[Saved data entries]
theorem robin_best_approx_unique:
  assumes L: "L > 0" and p0: "p0 > 0" and d0: "\<delta>0 \<ge> 0" and F0: "sup_rho L (complex_of_real p0) \<le> ereal \<delta>0"
    and small: "\<delta>0 * exp (L * (Aconst \<nu> c x0sq \<omega>m km / 4) / (2 * \<nu>)) < 1"
  shows "\<exists>p>0. sup_rho L (complex_of_real p) \<le> ereal \<delta>0 \<and>
           (\<forall>q. sup_rho L (complex_of_real p) \<le> sup_rho L q \<and> (sup_rho L q = sup_rho L (complex_of_real p) \<longrightarrow> q = complex_of_real p))"
proof -
  obtain \<eta> B where eta: "\<eta> > 0" and loc: "\<And>q. sup_rho L q \<le> ereal \<delta>0 \<Longrightarrow> Re q \<in> {\<eta>..B}"
    using sup_rho_sublevel_Re_bounded[OF L d0 small] by blast
  have Fy: "sup_rho L (complex_of_real y) = ereal (sup_rho_real L y)" if "y \<in> {\<eta>..B}" for y
    using sup_rho_real_eq[of L y] L that eta by simp
  have p0I: "p0 \<in> {\<eta>..B}" using loc[OF F0] by simp
  obtain ps where ps: "ps \<in> {\<eta>..B}" "\<And>y. y \<in> {\<eta>..B} \<Longrightarrow> sup_rho_real L ps \<le> sup_rho_real L y"
    using continuous_attains_inf[OF compact_Icc _ continuous_on_sup_rho_real[of L \<eta> B]] p0I L eta by auto
  have psp: "ps > 0" using ps(1) eta by simp
  have min_real: "sup_rho L (complex_of_real ps) \<le> sup_rho L (complex_of_real y)" if "y \<in> {\<eta>..B}" for y
    using Fy[OF that] Fy[OF ps(1)] ps(2)[OF that] by simp
  have Fps_le: "sup_rho L (complex_of_real ps) \<le> ereal \<delta>0" using min_real[OF p0I] F0 by (rule order_trans)
  have fin: "sup_rho L q < \<infinity>" if "sup_rho L q \<le> ereal \<delta>0" for q
    by (rule order_le_less_trans[OF that]) simp
  have Re_pos: "Re q > 0" if "sup_rho L q \<le> ereal \<delta>0" for q using loc[OF that] eta by auto
  have minimal: "sup_rho L (complex_of_real ps) \<le> sup_rho L q" for q
  proof (cases "sup_rho L q \<le> ereal \<delta>0")
    case True show ?thesis
      using order_trans[OF min_real[OF loc[OF True]] sup_rho_Re_le[OF L fin[OF True] Re_pos[OF True]]] .
  qed (use Fps_le in auto)
  have unique: "q = complex_of_real ps" if eq: "sup_rho L q = sup_rho L (complex_of_real ps)" for q
  proof -
    have Fq: "sup_rho L q \<le> ereal \<delta>0" using eq Fps_le by simp
    have R: "Re q \<in> {\<eta>..B}" by (rule loc[OF Fq])
    have "Im q = 0"
    proof (rule ccontr)
      assume "Im q \<noteq> 0"
      from sup_rho_Re_less[OF L fin[OF Fq] Re_pos[OF Fq] this] min_real[OF R] eq show False by simp
    qed
    then have qR: "q = complex_of_real (Re q)" by (simp add: complex_eq_iff)
    show ?thesis
    proof (rule ccontr)
      assume "q \<noteq> complex_of_real ps"
      then have ne: "complex_of_real ps \<noteq> complex_of_real (Re q)" using qR by simp
      define m where "m = (ps + Re q) / 2"
      have mI: "m \<in> {\<eta>..B}" using R ps(1) by (simp add: m_def)
      have "sup_rho L (complex_of_real m) < ereal (sup_rho_real L ps)"
        by (rule sup_rho_midpoint_less[OF L ne])
           (use psp R eta Fy[OF ps(1)] eq qR sup_rho_pos[of L "complex_of_real ps"] in \<open>auto simp: m_def\<close>)
      then show False using min_real[OF mI] Fy[OF ps(1)] by simp
    qed
  qed
  show ?thesis using psp Fps_le minimal unique by blast
qed

section \<open>Asymptotics as \<open>L \<rightarrow> 0\<close>\<close>

definition A0 where "A0 = Aconst \<nu> c x0sq \<omega>m km"
definition p0 where "p0 L = (1/2) * root 3 (\<nu> * A0\<^sup>2 / L)"
definition aL where "aL L = A0 / p0 L"

lemma A0_props: "A0 > 0" "\<And>\<omega> k. (\<omega>, k) \<in> Dinf \<omega>m km \<Longrightarrow> Re (sqrt_rad \<omega> k) \<ge> A0 / 4"
    "\<exists>\<omega>0 k0. (\<omega>0, k0) \<in> Dinf \<omega>m km \<and> Re (sqrt_rad \<omega>0 k0) = A0 / 4"
proof -
  obtain \<omega>0 k0 where A: "(\<omega>0, k0) \<in> Dinf \<omega>m km" "4 * Re (sqrt_rad \<omega>0 k0) = A0"
      "\<And>\<omega> k. (\<omega>, k) \<in> Dinf \<omega>m km \<Longrightarrow> 4 * Re (sqrt_rad \<omega> k) \<ge> A0"
    using Aconst_min_Re_sqrt_rad unfolding A0_def by blast
  show "A0 > 0" using Re_sqrt_rad_pos[OF A(1)] A(2) by simp
  show "\<And>\<omega> k. (\<omega>, k) \<in> Dinf \<omega>m km \<Longrightarrow> Re (sqrt_rad \<omega> k) \<ge> A0 / 4" using A(3) by fastforce
  show "\<exists>\<omega>0 k0. (\<omega>0, k0) \<in> Dinf \<omega>m km \<and> Re (sqrt_rad \<omega>0 k0) = A0 / 4" using A(1,2) by (intro exI[of _ \<omega>0] exI[of _ k0]) simp
qed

**Work item:** Count of lines with "rule": please work it out for the entries above and give the number by itself.

**Solution to this problem:** 6